HOW TO COMPLETE THIS TASK –
Copy exactly the stretch of data below from the line with "using q True by simp" through the line with "using q by (simp", including both of those lines.

Stored data entries
——

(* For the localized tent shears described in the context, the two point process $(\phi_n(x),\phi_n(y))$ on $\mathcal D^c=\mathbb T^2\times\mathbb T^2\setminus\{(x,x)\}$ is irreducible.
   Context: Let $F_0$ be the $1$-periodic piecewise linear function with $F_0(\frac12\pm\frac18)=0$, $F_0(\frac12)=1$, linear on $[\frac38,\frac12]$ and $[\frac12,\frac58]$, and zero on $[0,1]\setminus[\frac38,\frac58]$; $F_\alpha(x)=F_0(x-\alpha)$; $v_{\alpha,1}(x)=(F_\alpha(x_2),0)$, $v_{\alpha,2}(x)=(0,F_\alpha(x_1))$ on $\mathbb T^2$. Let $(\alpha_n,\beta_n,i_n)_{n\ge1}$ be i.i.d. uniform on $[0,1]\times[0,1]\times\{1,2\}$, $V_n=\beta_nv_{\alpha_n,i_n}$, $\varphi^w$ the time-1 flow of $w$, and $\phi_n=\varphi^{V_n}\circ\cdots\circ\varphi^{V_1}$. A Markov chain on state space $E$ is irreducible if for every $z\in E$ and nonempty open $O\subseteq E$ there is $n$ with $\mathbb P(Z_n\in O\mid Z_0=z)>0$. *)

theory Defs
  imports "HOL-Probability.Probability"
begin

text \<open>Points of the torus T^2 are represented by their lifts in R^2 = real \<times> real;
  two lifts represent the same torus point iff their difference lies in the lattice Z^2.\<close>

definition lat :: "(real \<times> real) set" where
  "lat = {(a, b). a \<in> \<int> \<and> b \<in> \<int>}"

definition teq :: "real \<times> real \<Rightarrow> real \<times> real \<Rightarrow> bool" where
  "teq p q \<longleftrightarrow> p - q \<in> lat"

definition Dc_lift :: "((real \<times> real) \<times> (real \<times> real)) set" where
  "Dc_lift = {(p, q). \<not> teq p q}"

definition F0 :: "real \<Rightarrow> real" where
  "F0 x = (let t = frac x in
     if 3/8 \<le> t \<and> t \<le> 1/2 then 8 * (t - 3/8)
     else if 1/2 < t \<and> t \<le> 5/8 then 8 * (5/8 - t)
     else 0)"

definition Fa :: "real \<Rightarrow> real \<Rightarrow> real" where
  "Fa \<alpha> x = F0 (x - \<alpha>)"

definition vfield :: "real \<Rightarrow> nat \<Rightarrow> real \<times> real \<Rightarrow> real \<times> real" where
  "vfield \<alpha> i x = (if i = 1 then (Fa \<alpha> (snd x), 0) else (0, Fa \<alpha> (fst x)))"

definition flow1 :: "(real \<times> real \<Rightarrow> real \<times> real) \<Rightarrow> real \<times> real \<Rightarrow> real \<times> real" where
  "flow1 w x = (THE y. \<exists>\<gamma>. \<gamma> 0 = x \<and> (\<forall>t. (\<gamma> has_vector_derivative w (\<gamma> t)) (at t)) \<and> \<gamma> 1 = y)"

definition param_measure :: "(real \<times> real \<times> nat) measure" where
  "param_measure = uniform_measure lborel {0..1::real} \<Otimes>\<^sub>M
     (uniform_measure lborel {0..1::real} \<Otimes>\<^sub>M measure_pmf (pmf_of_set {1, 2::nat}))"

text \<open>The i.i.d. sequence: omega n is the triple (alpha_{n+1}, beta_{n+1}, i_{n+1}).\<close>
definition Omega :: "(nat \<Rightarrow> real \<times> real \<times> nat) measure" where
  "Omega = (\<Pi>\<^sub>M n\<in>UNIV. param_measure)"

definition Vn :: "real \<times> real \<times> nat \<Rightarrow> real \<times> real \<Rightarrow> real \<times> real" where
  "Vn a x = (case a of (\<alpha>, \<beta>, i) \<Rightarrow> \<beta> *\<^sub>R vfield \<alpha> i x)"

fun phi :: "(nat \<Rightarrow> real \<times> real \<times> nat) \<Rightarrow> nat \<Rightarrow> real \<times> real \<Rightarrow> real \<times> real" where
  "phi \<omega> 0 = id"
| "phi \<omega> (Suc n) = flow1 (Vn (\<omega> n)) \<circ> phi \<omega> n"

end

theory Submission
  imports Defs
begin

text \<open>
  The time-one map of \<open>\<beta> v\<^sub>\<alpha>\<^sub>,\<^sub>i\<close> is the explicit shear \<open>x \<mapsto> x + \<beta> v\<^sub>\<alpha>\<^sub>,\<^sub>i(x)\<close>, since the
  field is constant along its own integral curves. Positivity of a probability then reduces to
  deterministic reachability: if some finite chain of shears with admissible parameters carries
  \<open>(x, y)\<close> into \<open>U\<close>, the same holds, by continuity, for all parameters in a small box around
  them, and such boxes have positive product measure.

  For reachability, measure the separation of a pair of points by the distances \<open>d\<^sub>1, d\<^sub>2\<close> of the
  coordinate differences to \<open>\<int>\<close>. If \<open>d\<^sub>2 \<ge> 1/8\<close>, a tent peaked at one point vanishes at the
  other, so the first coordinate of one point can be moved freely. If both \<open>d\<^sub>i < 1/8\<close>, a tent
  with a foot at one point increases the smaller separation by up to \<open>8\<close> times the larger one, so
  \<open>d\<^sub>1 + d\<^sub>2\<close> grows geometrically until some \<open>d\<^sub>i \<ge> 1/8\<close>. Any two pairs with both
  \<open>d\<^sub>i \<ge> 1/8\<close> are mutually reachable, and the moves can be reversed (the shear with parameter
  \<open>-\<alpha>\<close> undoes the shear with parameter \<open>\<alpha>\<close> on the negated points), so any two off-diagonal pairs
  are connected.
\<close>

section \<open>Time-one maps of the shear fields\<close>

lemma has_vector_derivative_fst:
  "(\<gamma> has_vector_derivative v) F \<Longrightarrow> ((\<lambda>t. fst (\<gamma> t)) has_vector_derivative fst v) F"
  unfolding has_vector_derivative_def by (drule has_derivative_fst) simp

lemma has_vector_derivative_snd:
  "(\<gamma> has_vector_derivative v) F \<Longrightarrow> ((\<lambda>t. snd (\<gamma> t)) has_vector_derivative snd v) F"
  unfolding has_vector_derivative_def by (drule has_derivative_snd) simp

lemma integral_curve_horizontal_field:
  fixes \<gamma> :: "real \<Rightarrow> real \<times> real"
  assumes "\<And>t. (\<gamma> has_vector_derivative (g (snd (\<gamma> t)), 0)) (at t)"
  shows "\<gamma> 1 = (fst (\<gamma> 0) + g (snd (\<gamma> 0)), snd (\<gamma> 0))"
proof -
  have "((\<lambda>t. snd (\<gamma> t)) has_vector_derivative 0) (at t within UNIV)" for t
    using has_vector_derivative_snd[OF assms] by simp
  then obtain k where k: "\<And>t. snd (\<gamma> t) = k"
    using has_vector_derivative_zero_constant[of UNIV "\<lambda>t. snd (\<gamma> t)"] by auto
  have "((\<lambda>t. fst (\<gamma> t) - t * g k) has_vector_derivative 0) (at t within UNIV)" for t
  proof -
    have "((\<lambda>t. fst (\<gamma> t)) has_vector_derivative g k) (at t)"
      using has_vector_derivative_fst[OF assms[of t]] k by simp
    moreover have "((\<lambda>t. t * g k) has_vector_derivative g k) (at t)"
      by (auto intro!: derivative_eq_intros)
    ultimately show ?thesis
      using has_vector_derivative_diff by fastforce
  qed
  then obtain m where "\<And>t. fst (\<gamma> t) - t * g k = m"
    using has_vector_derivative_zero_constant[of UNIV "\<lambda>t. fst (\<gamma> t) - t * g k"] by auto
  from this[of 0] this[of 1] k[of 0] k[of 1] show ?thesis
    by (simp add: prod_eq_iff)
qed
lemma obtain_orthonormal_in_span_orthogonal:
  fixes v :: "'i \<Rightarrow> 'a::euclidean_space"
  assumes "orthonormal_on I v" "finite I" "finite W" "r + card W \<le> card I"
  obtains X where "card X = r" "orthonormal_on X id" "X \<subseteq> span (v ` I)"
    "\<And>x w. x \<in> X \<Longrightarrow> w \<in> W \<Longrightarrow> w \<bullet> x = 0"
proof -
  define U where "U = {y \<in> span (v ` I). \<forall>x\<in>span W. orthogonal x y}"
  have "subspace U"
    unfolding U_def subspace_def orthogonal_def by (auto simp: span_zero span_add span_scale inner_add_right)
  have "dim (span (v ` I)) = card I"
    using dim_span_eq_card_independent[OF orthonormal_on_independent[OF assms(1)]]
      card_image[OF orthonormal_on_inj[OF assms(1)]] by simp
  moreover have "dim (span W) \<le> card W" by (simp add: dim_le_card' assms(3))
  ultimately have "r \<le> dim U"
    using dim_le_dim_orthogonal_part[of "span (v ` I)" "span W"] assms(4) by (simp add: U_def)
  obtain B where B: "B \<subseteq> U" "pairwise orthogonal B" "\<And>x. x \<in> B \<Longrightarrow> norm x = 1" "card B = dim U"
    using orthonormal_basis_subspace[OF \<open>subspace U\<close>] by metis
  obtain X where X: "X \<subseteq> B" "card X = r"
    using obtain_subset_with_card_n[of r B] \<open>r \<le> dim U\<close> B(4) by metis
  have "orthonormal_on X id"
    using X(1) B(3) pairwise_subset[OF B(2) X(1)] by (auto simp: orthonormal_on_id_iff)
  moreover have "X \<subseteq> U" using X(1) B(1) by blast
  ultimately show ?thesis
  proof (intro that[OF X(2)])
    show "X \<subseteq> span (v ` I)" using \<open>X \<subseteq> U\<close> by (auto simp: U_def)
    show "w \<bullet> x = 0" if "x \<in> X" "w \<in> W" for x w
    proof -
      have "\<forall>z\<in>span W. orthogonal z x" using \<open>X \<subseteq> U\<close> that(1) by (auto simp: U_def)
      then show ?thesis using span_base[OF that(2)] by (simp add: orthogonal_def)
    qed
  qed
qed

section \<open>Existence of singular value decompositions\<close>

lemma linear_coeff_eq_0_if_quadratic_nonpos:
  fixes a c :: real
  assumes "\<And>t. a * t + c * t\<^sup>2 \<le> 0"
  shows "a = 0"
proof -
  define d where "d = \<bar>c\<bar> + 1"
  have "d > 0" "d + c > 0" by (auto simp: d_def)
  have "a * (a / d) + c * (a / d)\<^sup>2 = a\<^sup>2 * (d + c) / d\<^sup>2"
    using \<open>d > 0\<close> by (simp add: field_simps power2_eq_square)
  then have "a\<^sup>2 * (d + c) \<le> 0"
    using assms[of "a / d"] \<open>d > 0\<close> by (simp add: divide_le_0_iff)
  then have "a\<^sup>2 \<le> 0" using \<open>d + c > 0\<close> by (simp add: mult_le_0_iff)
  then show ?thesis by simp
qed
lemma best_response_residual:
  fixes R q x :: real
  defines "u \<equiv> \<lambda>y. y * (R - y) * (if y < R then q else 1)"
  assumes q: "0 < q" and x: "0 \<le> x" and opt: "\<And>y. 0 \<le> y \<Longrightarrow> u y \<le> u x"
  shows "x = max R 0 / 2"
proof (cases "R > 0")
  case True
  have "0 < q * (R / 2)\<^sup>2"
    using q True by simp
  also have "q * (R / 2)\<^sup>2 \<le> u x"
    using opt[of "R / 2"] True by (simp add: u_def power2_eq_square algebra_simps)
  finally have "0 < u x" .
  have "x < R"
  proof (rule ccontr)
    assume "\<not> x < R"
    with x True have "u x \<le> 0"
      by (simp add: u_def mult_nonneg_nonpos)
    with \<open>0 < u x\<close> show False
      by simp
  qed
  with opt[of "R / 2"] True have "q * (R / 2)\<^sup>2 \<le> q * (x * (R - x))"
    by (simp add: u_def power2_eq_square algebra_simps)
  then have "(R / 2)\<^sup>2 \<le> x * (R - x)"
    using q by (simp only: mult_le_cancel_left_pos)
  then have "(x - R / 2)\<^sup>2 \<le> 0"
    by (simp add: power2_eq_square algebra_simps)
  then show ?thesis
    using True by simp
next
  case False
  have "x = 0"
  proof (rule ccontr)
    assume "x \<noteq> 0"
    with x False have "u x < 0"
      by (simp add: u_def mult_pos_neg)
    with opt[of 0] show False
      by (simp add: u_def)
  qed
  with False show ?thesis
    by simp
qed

——

SOLUTION –
    using q True by simp
  also have "q * (R / 2)\<^sup>2 \<le> u x"
    using opt[of "R / 2"] True by (simp add: u_def power2_eq_square algebra_simps)
  finally have "0 < u x" .
  have "x < R"
  proof (rule ccontr)
    assume "\<not> x < R"
    with x True have "u x \<le> 0"
      by (simp add: u_def mult_nonneg_nonpos)
    with \<open>0 < u x\<close> show False
      by simp
  qed
  with opt[of "R / 2"] True have "q * (R / 2)\<^sup>2 \<le> q * (x * (R - x))"
    by (simp add: u_def power2_eq_square algebra_simps)
  then have "(R / 2)\<^sup>2 \<le> x * (R - x)"
    using q by (simp only: mult_le_cancel_left_pos)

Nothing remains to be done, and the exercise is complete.